The Sense Of An Ending lacks emotional juice

Great actors can’t give this adaptation of Julian Barnes’s novel the energy it needs



THE SENSE OF AN ENDING (Ritesh Batra). 109 minutes. Opens Friday (March 17). See Listing. Rating: NNN


Here’s one of those Brit pics that, despite impeccable acting and meticulous production values, can’t get enough emotional drive.

Based on the novel by Julian Barnes, it features Jim Broadbent as grumpy old guy Tony, who runs an antique camera shop and whose life has become rote, interrupted only occasionally by small demands from his ex-wife, Margaret (Harriet Walter), and his pregnant single daughter, Susie (Michelle Dockery). 

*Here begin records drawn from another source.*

(* For every $d\ge1$, $\mathsf{sumPI}(\mathcal{A}^d)=2.5^d$.
   Context: $\mathcal{A}:\{0,1\}^4\to\{0,1\}$ is the function with $\mathcal{A}(x)=1$ iff $x\in\{0000,0001,0011,0111,1111,1110,1100,1000\}$, i.e. iff $x_1\le x_2\le x_3\le x_4$ or $x_1\ge x_2\ge x_3\ge x_4$. For $f:\{0,1\}^n\to\{0,1\}$, its $d$th iteration $f^d:\{0,1\}^{n^d}\to\{0,1\}$ is defined by $f^1=f$ and $f^{d+1}(x)=f\big(f^d(x_1,\dots,x_{n^d}),\ f^d(x_{n^d+1},\dots,x_{2n^d}),\ \dots,\ f^d(x_{(n-1)n^d+1},\dots,x_{n^{d+1}})\big)$. For $g:\{0,1\}^N\to\{0,1\}$, with $p=\{p_x\}$ ranging over families of probability distributions on $[N]$, $$\mathsf{sumPI}(g)=\min_{p}\ \max_{x,y:\ g(x)\neq g(y)} \frac{1}{\sum_{i:\,x_i\neq y_i}\sqrt{p_x(i)p_y(i)}}.$$ *)

theory Defs
  imports "HOL-Analysis.Analysis"
begin

text \<open>Bit strings of length N are boolean lists of length N (False = 0, True = 1);
  coordinates are indexed 0..N-1.\<close>

definition bitstrings :: "nat \<Rightarrow> bool list set" where
  "bitstrings N = {x. length x = N}"

text \<open>The function A on 4 bits: A(x) = 1 iff x1 <= x2 <= x3 <= x4 or x1 >= x2 >= x3 >= x4.\<close>
definition funA :: "bool list \<Rightarrow> bool" where
  "funA x = (x \<in> {[False,False,False,False], [False,False,False,True], [False,False,True,True],
                  [False,True,True,True], [True,True,True,True], [True,True,True,False],
                  [True,True,False,False], [True,False,False,False]})"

But when he gets word that an old school chum has died and left him something in the will, memories come tumbling out. He recalls a long-lost love and is forced to look at his life in a different way.

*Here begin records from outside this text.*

text \<open>Induced subtree. induce_e Y a t handles the subtree t hanging below an
edge of (accumulated) length a: it returns None if t contains no leaf of Y,
otherwise the (accumulated) length of the edge above the restricted subtree
together with the restricted subtree; degree-2 vertices are suppressed by adding
lengths of merged edges.\<close>
fun induce_e :: "'a set \<Rightarrow> real \<Rightarrow> 'a wtree \<Rightarrow> (real \<times> 'a wtree) option" where
  "induce_e Y a (WLeaf x) = (if x \<in> Y then Some (a, WLeaf x) else None)"
| "induce_e Y a (WNode b l c r) =
     (case (induce_e Y b l, induce_e Y c r) of
        (Some (b', l'), Some (c', r')) \<Rightarrow> Some (a, WNode b' l' c' r')
      | (Some (b', l'), None) \<Rightarrow> Some (a + b', l')
      | (None, Some (c', r')) \<Rightarrow> Some (a + c', r')
      | (None, None) \<Rightarrow> None)"

text \<open>T_Y: the edge accumulated above the top is discarded (this deletes the root
and its incident edge if the root has out-degree 1).\<close>
definition induce :: "'a set \<Rightarrow> 'a wtree \<Rightarrow> 'a wtree option" where
  "induce Y t = map_option snd (induce_e Y 0 t)"

end

theory Submission imports Defs begin

text \<open>Fix a cherry {y, z} of T and let N be the number of leaves. Put an edge of
length 8N above the cherry and pendant edges of lengths 1 and 2 below it, so that
FP(y) and FP(z) are about 4N. Every other leaf lies in a subtree H hanging off the
path from the root to the cherry; the path edges get length 1, and the edge into
H is chosen so that the FP values of H form a band above 5N, above the bands of all
subtrees hanging lower. A path edge shifts values by at most 1, so the bands stay
disjoint and below 8N. Deleting y merges the cherry edge with the pendant edge of
z, which is then no longer shared: FP(z) jumps to at least 8N + 2, above every
other leaf.\<close>

lemma finite_wleaves [simp]: "finite (wleaves W)"
  by (induction W) auto

lemma wleaves_nonempty: "wleaves W \<noteq> {}"
  by (induction W) auto

lemma set_tleaves_shape: "set (tleaves (shape W)) = wleaves W"
  by (induction W) auto

lemma card_wleaves_eq_length:
  "distinct (tleaves (shape W)) \<Longrightarrow> card (wleaves W) = length (tleaves (shape W))"
  by (metis distinct_card set_tleaves_shape)

lemma length_tleaves_pos: "1 \<le> length (tleaves S)"
  by (induction S) auto

lemma length_tleaves_le_1E:
  assumes "length (tleaves S) \<le> 1"
  obtains u where "S = Leaf u"
proof (cases S)
  case (Node l r)
  then show ?thesis using assms length_tleaves_pos[of l] length_tleaves_pos[of r] by simp
qed (rule that)

lemma inj_on_translate:
  assumes "inj_on f A" and "\<And>x. x \<in> A \<Longrightarrow> g x = (c::real) + f x"
  shows "inj_on g A"
  using assms unfolding inj_on_def by (metis add_left_cancel)

lemma inj_on_insert_below:
  "inj_on f A \<Longrightarrow> \<forall>x \<in> A. f a < (f x :: 'b :: order) \<Longrightarrow> inj_on f (insert a A)"
  unfolding inj_on_insert image_iff by (metis Diff_iff less_irrefl)

lemma inj_on_insert_above:
  "inj_on f A \<Longrightarrow> \<forall>x \<in> A. f x < (f a :: 'b :: order) \<Longrightarrow> inj_on f (insert a A)"
  unfolding inj_on_insert image_iff by (metis Diff_iff less_irrefl)

lemma inj_on_Un_of_less:
  assumes "inj_on f A" "inj_on f B" "\<And>a b. a \<in> A \<Longrightarrow> b \<in> B \<Longrightarrow> f a < (f b :: real)"
  shows "inj_on f (A \<union> B)"
  using assms unfolding inj_on_def by (metis Un_iff less_irrefl)

lemma wleaves_induce_e_case:
  "(case induce_e Y a W of None \<Rightarrow> wleaves W \<inter> Y = {}
     | Some (a', W') \<Rightarrow> wleaves W' = wleaves W \<inter> Y)"
proof (induction W arbitrary: a)
  case (WNode b l c r)
  have l: "case induce_e Y b l of None \<Rightarrow> wleaves l \<inter> Y = {}
     | Some (a', W') \<Rightarrow> wleaves W' = wleaves l \<inter> Y" by (rule WNode.IH(1))
  have r: "case induce_e Y c r of None \<Rightarrow> wleaves r \<inter> Y = {}
     | Some (a', W') \<Rightarrow> wleaves W' = wleaves r \<inter> Y" by (rule WNode.IH(2))
  show ?case
    using l r by (cases "induce_e Y b l"; cases "induce_e Y c r") auto
qed simp

lemma wleaves_induce_e:
  "induce_e Y a W = Some (a', W') \<Longrightarrow> wleaves W' = wleaves W \<inter> Y"
  using wleaves_induce_e_case[where Y=Y and a=a and W=W] by simp

lemma induce_e_all: "wleaves W \<subseteq> Y \<Longrightarrow> induce_e Y a W = Some (a, W)"
  by (induction W arbitrary: a) auto

lemma induce_e_cong:
  "Y \<inter> wleaves W = Y' \<inter> wleaves W \<Longrightarrow> induce_e Y a W = induce_e Y' a W"
proof (induction W arbitrary: a)
  case (WNode b l c r)
  have "induce_e Y b l = induce_e Y' b l" "induce_e Y c r = induce_e Y' c r"
    using WNode.prems by (intro WNode.IH; auto)+
  then show ?case by simp
qed auto

lemma induce_e_shift:
  "induce_e Y a W = map_option (\<lambda>(a', W'). (a + a', W')) (induce_e Y 0 W)"
  by (cases W) (auto split: option.splits)

lemma induce_conv_induce_e: "induce Y W = map_option snd (induce_e Y a W)"
  unfolding induce_def by (subst induce_e_shift[of _ a]) (cases "induce_e Y 0 W"; auto)

text \<open>FP values inside the subtree W hanging below an edge of length a, the edge
being shared by all leaves of W.\<close>
definition planted_FP :: "real \<Rightarrow> 'a wtree \<Rightarrow> 'a \<Rightarrow> real" where
  "planted_FP a W x = a / real (card (wleaves W)) + FP W x"

lemma planted_FP_less_iff [simp]: "planted_FP a W x < planted_FP a W x' \<longleftrightarrow> FP W x < FP W x'"
  by (simp add: planted_FP_def)

lemma inj_on_planted_FP_iff [simp]: "inj_on (planted_FP a W) A \<longleftrightarrow> inj_on (FP W) A"
  by (simp add: planted_FP_def inj_on_def)

lemma FP_WNode_sibling:
  assumes "Q \<in> {WNode a A b B, WNode b B a A}" "wleaves A \<inter> wleaves B = {}" "x \<in> wleaves A"
  shows "FP Q x = planted_FP a A x"
  using assms by (auto simp: planted_FP_def)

Unlike the book, which is divided into two sections, one unfolding in the present, the other in the past, Nick Payne’s script goes back and forth in time to tease out whatever it is that’s sent Tony into a near tailspin. 

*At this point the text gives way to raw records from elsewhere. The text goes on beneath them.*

(* Let $n\geq2$ and $1\le k\le n$. Let $\mathcal M_n^{k,k-1}$ (resp. $\mathcal M_n^{k,k+1}$) be the set of monotone permutations $\pi\in S_n$ with $\pi(1)=k$ and $\pi(2)=k-1$ (resp. $\pi(2)=k+1$). For $\pi\in\mathcal M_n^{k,k-1}$ (resp. $\pi\in\mathcal M_n^{k,k+1}$) define $\bar\pi\in S_{n-1}$ by $\bar\pi(1)=k-1$ (resp. $\bar\pi(1)=k$) and, for $i=2,\dots,n-1$, $\bar\pi(i)=\pi(i+1)$ if $\pi(i+1)<k$ and $\bar\pi(i)=\pi(i+1)-1$ if $\pi(i+1)>k$. Then $\pi\mapsto\bar\pi$ is a bijection $\mathcal M_n^{k,k-1}\to\mathcal M_{n-1}^{k-1}$ (resp. $\mathcal M_n^{k,k+1}\to\mathcal M_{n-1}^{k}$), and $(-1)^{\operatorname{dr}(\bar\pi)}=(-1)^{\operatorname{dr}(\pi)+k}$ (resp. $(-1)^{\operatorname{dr}(\bar\pi)}=(-1)^{\operatorname{dr}(\pi)+k-1}$).
   Context: A permutation $\pi\in S_n$ is monotone if, for each $i=1,\dots,n$, either $\pi(j)<\pi(i)$ for all $j<i$, or $\pi(j)>\pi(i)$ for all $j<i$; in the second case $i$ is called a drop of $\pi$ (by convention $i=1$ satisfies the first condition vacuously and is not a drop). $\mathcal M_n^k$ denotes the set of monotone permutations with $\pi(1)=k$, and $\operatorname{dr}(\pi)$ the sum of all drops of $\pi$. *)

theory Defs
  imports "HOL-Combinatorics.Permutations"
begin

text \<open>Permutations in S_n are functions nat => nat permuting {1..n} (identity outside).\<close>

definition monotone_perm :: "nat \<Rightarrow> (nat \<Rightarrow> nat) \<Rightarrow> bool" where
  "monotone_perm n p \<longleftrightarrow> p permutes {1..n} \<and>
     (\<forall>i\<in>{1..n}. (\<forall>j\<in>{1..<i}. p j < p i) \<or> (\<forall>j\<in>{1..<i}. p j > p i))"

text \<open>Drops: i >= 2 with p j > p i for all j < i (i = 1 is never a drop).\<close>
definition drops :: "nat \<Rightarrow> (nat \<Rightarrow> nat) \<Rightarrow> nat set" where
  "drops n p = {i\<in>{2..n}. \<forall>j\<in>{1..<i}. p j > p i}"

definition dr :: "nat \<Rightarrow> (nat \<Rightarrow> nat) \<Rightarrow> nat" where
  "dr n p = \<Sum>(drops n p)"

definition Mon :: "nat \<Rightarrow> nat \<Rightarrow> (nat \<Rightarrow> nat) set" where
  "Mon n k = {p. monotone_perm n p \<and> p 1 = k}"

definition Mon2 :: "nat \<Rightarrow> nat \<Rightarrow> nat \<Rightarrow> (nat \<Rightarrow> nat) set" where
  "Mon2 n k l = {p. monotone_perm n p \<and> p 1 = k \<and> p 2 = l}"

text \<open>The map pi |-> bar pi in S_{n-1}, with prescribed first value a
  (a = k-1 in the first case, a = k in the second); identity outside {1..n-1}.\<close>
definition bar :: "nat \<Rightarrow> nat \<Rightarrow> nat \<Rightarrow> (nat \<Rightarrow> nat) \<Rightarrow> (nat \<Rightarrow> nat)" where
  "bar n k a p = (\<lambda>i. if i = 1 then a
      else if i \<in> {2..n-1} then (if p (i+1) < k then p (i+1) else p (i+1) - 1)
      else i)"

end

(*
  In a monotone permutation every entry after the first lies either above all earlier
  entries or below all of them, and which of the two happens is decided by comparing it
  with p 1 alone.  So the drops of p are exactly the positions carrying a value below p 1,
  and there are p 1 - 1 of them.

  The map bar deletes the first entry k and closes the gap left in the values.  It
  preserves monotonicity, and when p 2 = k +- 1 its inverse (prepend k, reopen the gap)
  does too.  Because p 2 is adjacent to k, comparing a later entry with k is the same as
  comparing it with p 2, so the drops of p are the drops of bar p shifted by one, plus
  position 2 when p 2 = k - 1.  Shifting adds card (drops (bar p)) = (bar p) 1 - 1 to the
  sum, whence dr p = dr (bar p) + k, resp. dr p = dr (bar p) + k - 1.
*)
theory Submission
  imports Defs
begin

definition close_gap :: "nat \<Rightarrow> nat \<Rightarrow> nat" where
  "close_gap k v = (if v < k then v else v - 1)"

definition open_gap :: "nat \<Rightarrow> nat \<Rightarrow> nat" where
  "open_gap k v = (if v < k then v else v + 1)"

lemma close_gap_less_iff: "u \<noteq> k \<Longrightarrow> v \<noteq> k \<Longrightarrow> close_gap k u < close_gap k v \<longleftrightarrow> u < v"
  unfolding close_gap_def by auto

lemma open_gap_less_iff: "open_gap k u < open_gap k v \<longleftrightarrow> u < v"
  unfolding open_gap_def by auto

lemma close_gap_open_gap [simp]: "close_gap k (open_gap k v) = v"
  unfolding open_gap_def close_gap_def by auto

lemma open_gap_close_gap: "v \<noteq> k \<Longrightarrow> open_gap k (close_gap k v) = v"
  unfolding open_gap_def close_gap_def by auto

lemma bij_betw_close_gap:
  assumes "k \<in> {1..n}"
  shows "bij_betw (close_gap k) ({1..n} - {k}) {1..n-1}"
  by (rule bij_betw_byWitness[where f' = "open_gap k"])
    (use assms in \<open>auto simp: close_gap_def open_gap_def\<close>)

lemma bij_betw_open_gap:
  assumes "k \<in> {1..n}"
  shows "bij_betw (open_gap k) {1..n-1} ({1..n} - {k})"
  by (rule bij_betw_byWitness[where f' = "close_gap k"])
    (use assms in \<open>auto simp: close_gap_def open_gap_def\<close>)

lemma permutes_neq_first:
  "p permutes S \<Longrightarrow> i \<noteq> 1 \<Longrightarrow> p i \<noteq> p 1"
  by (simp add: permutes_inj inj_eq)

lemma monotone_perm_permutes: "monotone_perm n p \<Longrightarrow> p permutes {1..n}"
  by (simp add: monotone_perm_def)

lemma monotone_perm_iff:
  "monotone_perm n p \<longleftrightarrow>
     p permutes {1..n} \<and> (\<forall>i\<in>{1..n}. \<forall>j\<in>{1..<i}. p j < p i \<longleftrightarrow> p 1 < p i)"
proof -
  have "(\<forall>j\<in>{1..<i}. p j < p i) \<or> (\<forall>j\<in>{1..<i}. p j > p i) \<longleftrightarrow>
        (\<forall>j\<in>{1..<i}. p j < p i \<longleftrightarrow> p 1 < p i)"
    if pp: "p permutes {1..n}" and i: "i \<in> {1..n}" for i
  proof (cases "i = 1")
    case True
    then show ?thesis by simp
  next
    case False
    then have first: "1 \<in> {1..<i}" using i by simp
    have neq: "p j \<noteq> p i" if "j \<in> {1..<i}" for j
      using permutes_inj[OF pp] that by (simp add: inj_eq)
    show ?thesis
    proof
      assume "(\<forall>j\<in>{1..<i}. p j < p i) \<or> (\<forall>j\<in>{1..<i}. p j > p i)"
      then show "\<forall>j\<in>{1..<i}. p j < p i \<longleftrightarrow> p 1 < p i"
        using first by (blast dest: order.asym)
    next
      assume "\<forall>j\<in>{1..<i}. p j < p i \<longleftrightarrow> p 1 < p i"
      then show "(\<forall>j\<in>{1..<i}. p j < p i) \<or> (\<forall>j\<in>{1..<i}. p j > p i)"
        using neq by (meson linorder_neqE_nat)
    qed
  qed
  then show ?thesis unfolding monotone_perm_def by blast
qed

lemma monotone_perm_less_iff:
  assumes "monotone_perm n p" "1 \<le> j" "j < i" "i \<le> n"
  shows "p j < p i \<longleftrightarrow> p 1 < p i"
proof -
  have "i \<in> {1..n}" "j \<in> {1..<i}" using assms(2-4) by auto
  then show ?thesis using assms(1) unfolding monotone_perm_iff by blast
qed

lemma drops_monotone_perm:
  assumes "monotone_perm n p"
  shows "drops n p = {i\<in>{1..n}. p i < p 1}"
proof -
  have pp: "p permutes {1..n}" using assms by (rule monotone_perm_permutes)
  have "(\<forall>j\<in>{1..<i}. p i < p j) \<longleftrightarrow> p i < p 1" if i: "i \<in> {2..n}" for i
  proof
    assume "\<forall>j\<in>{1..<i}. p i < p j"
    then show "p i < p 1" using i by simp
  next
    assume below: "p i < p 1"
    show "\<forall>j\<in>{1..<i}. p i < p j"
    proof
      fix j assume j: "j \<in> {1..<i}"
      then have "p j \<noteq> p i" using permutes_inj[OF pp] by (simp add: inj_eq)
      moreover have "\<not> p j < p i"
        using monotone_perm_less_iff[OF assms, of j i] i j below by simp
      ultimately show "p i < p j" by simp
    qed
  qed
  moreover have "i \<in> {2..n} \<longleftrightarrow> i \<in> {1..n} \<and> i \<noteq> 1" for i :: nat
    by auto
  ultimately show ?thesis
    unfolding drops_def by blast
qed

The structure works, but director Ritesh Batra (The Lunchbox) can’t generate much energy. Three times, Tony starts opening that letter from the solicitor only to be interrupted, a strategy that’s simply irritating. And the ending is pat to the point of almost triteness.

The actors, on the other hand, are terrific. Billy Howle effectively combines innocence and longing as the younger Tony, and Broadbent, who has to carry the film, manages to make the curmudgeonly elder turned near stalker sympathetic – though this isn’t the first time we’ve seen him in this kind of role. 

Walter is wonderful as his ex-wife, acidly challenging Tony on his new obsession while plainly still feeling affection for him. And Charlotte Rampling as the ex-lover Tony so desperately wants to connect with is a revelation. She conveys more emotion in silence than other actors can in an extended soliloquy, her gaze penetrating, her impatience palpable.

But while she’s doing a slow burn, the film is just, well, slow.